# Pix2PixHD

This notebook was created by Doug Rosman, and uses code from [Doug's forked pix2pixHD repository](https://github.com/dougrosman/pix2pixHD). For a video tutorial showing how to use this notebook, visit this link here: [https://dougrosman.github.io/cvml-sp21/resources/pix2pixHD/](https://dougrosman.github.io/cvml-sp21/resources/pix2pixHD/)

**Last updated: May 9, 2021, 2:00pm CST**



## 1. Connect to a GPU Instance (required)

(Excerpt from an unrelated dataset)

(* Let $\mathcal T$ be a theory of $\mathsf{LGI}$ consisting of graded implications and let $\zeta\Rightarrow_e\eta$ be a graded implication. If $\mathcal T\models\zeta\Rightarrow_e\eta$, then $\mathcal T\vdash_{\mathsf{LGI}}\zeta\Rightarrow_t\eta$ for every $t\in[0,1]$ with $t<e$.
   Context: Fix a continuous t-norm $\odot$ on $[0,1]$ and let $c\oplus d = 1-((1-c)\odot(1-d))$. Write $c\odot_{\L} d=\max(c+d-1,0)$, $c\oplus_{\L} d=\min(c+d,1)$. Syntax of $\mathsf{LGI}$: countably many variables $\phi_0,\phi_1,\dots$ and constants $\bot,\top$. Basic expressions are built from variables and constants by binary $\land,\lor,\odot$ and unary $\sim$. A graded implication is written $\alpha\Rightarrow_c\beta$ with $\alpha,\beta$ basic expressions, $c\in[0,1]$. Formulas are built from graded implications by classical $\land,\lor,\lnot$; $\Phi\to\Psi$ abbreviates $\lnot\Phi\lor\Psi$. A theory is a set of formulas. Semantics: an evaluation is a map $v$ from basic expressions to $[0,1]$ with $v(\bot)=0$, $v(\top)=1$, interpreting $\land$ by min, $\lor$ by max, $\odot$ by the t-norm $\odot$, and $\sim$ by $x\mapsto 1-x$. $v$ satisfies $\alpha\Rightarrow_c\beta$ iff $v(\alpha)\le v(\beta)+1-c$; satisfaction extends classically to all formulas. $\mathcal T\models\Phi$ means every evaluation satisfying all elements of $\mathcal T$ satisfies $\Phi$. Calculus $\mathsf{LGI}$: axioms are (i) all substitution instances (by graded implications) of classical propositional tautologies; (ii) for all basic expressions $\alpha,\beta,\gamma$ and $c,d\in[0,1]$: ($\land_1$) $(\alpha\Rightarrow_d\beta)\land(\alpha\Rightarrow_d\gamma)\to(\alpha\Rightarrow_d\beta\land\gamma)$; ($\land_2$) $\alpha\land\beta\Rightarrow_1\alpha$; ($\land_3$) $\alpha\land\beta\Rightarrow_1\beta$; ($\lor_1$) $(\alpha\Rightarrow_d\gamma)\land(\beta\Rightarrow_d\gamma)\to(\alpha\lor\beta\Rightarrow_d\gamma)$; ($\lor_2$) $\alpha\Rightarrow_1\alpha\lor\beta$; ($\lor_3$) $\beta\Rightarrow_1\alpha\lor\beta$; ($\odot_1$) $(\top\Rightarrow_c\alpha)\land(\top\Rightarrow_d\beta)\to(\top\Rightarrow_{c\odot d}\alpha\odot\beta)$; ($\odot_2$) $(\alpha\Rightarrow_c\bot)\land(\beta\Rightarrow_d\bot)\to(\alpha\odot\beta\Rightarrow_{c\oplus d}\bot)$; ($\odot_3$) $\top\Rightarrow_1\top\odot\top$; ($\sim_1$) $(\alpha\Rightarrow_d\beta)\to(\sim\beta\Rightarrow_d\sim\alpha)$; ($\sim_2$) $\sim\sim\alpha\Rightarrow_1\alpha$; ($\sim_3$) $\alpha\Rightarrow_1\sim\sim\alpha$; ($\top$) $\alpha\Rightarrow_1\top$; ($\bot$) $\bot\Rightarrow_1\alpha$; (0) $\alpha\Rightarrow_0\beta$; ($c$) $\alpha\Rightarrow_c\alpha$; (inkons) $\lnot(\top\Rightarrow_c\bot)$ for $c>0$; (trans$_1$) $(\alpha\Rightarrow_c\beta)\land(\beta\Rightarrow_d\gamma)\to(\alpha\Rightarrow_{c\odot_{\L}d}\gamma)$; (trans$_2$) $(\alpha\Rightarrow_c\bot)\land(\top\Rightarrow_d\beta)\to(\alpha\Rightarrow_{c\oplus_{\L}d}\beta)$; (lin$_1$) $(\alpha\Rightarrow_1\beta)\lor(\beta\Rightarrow_1\alpha)$; (lin$_2$) $(\top\Rightarrow_d\alpha)\lor(\alpha\Rightarrow_{1-d}\bot)$. The only rule is modus ponens. $\mathcal T\vdash_{\mathsf{LGI}}\Phi$ means $\Phi$ has a finite derivation from axioms and elements of $\mathcal T$ by modus ponens. *)

theory Defs
  imports "HOL-Analysis.Analysis"
begin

**Executing this cell will connect you to a GPU, and your 8-10 hours of free GPU time will begin.**

This will show you what GPU you've been randomly given for this instance. With a Google Colab Pro account ($9.99/mo, really worth it!), you're almost always guaranteed a **P100**, with a chance at getting a **V100**.
* **V100:** Best, (not available for free accounts)
* **P100:** Great
* **T4:** (untested) this likely will *not* work for training, but is great for generating.
* **K80:** (untested) this might work for training, but it will likely be very slow. Should be just fine for generating (though slow).

If you get a T4 or K80, I encourage you to terminate your session, wait 5-10 minutes, then try connecting to a GPU again. To terminate your session, at the top of your screen go to **Runtime** --> **Manage Sessions** --> **Terminate**


In [None]:
!nvidia-smi -L

## 2. Mount your Google Drive (required)

**Executing this cell will prompt you to mount your Google Drive.**

After executing, a link will show up. Click the link and follow the directions. Select the Google Drive you wish to use, then copy and paste the authorization key into the box below, and press 'Enter' or 'Return' on your keyboard.

If you have multiple Google Accounts, I recommend mounting whichever one has the most storage, since working with pix2pixHD requires a lot of storage for all your images and trained models. If you're generating images, make sure that the .pth files you want to generate from are in the Google Drive that you mount.



In [2]:
from google.colab import drive
drive.mount('/content/drive')

Mounted at /content/drive


## 3. Install pix2pixHD repository OR change directory into repo (required)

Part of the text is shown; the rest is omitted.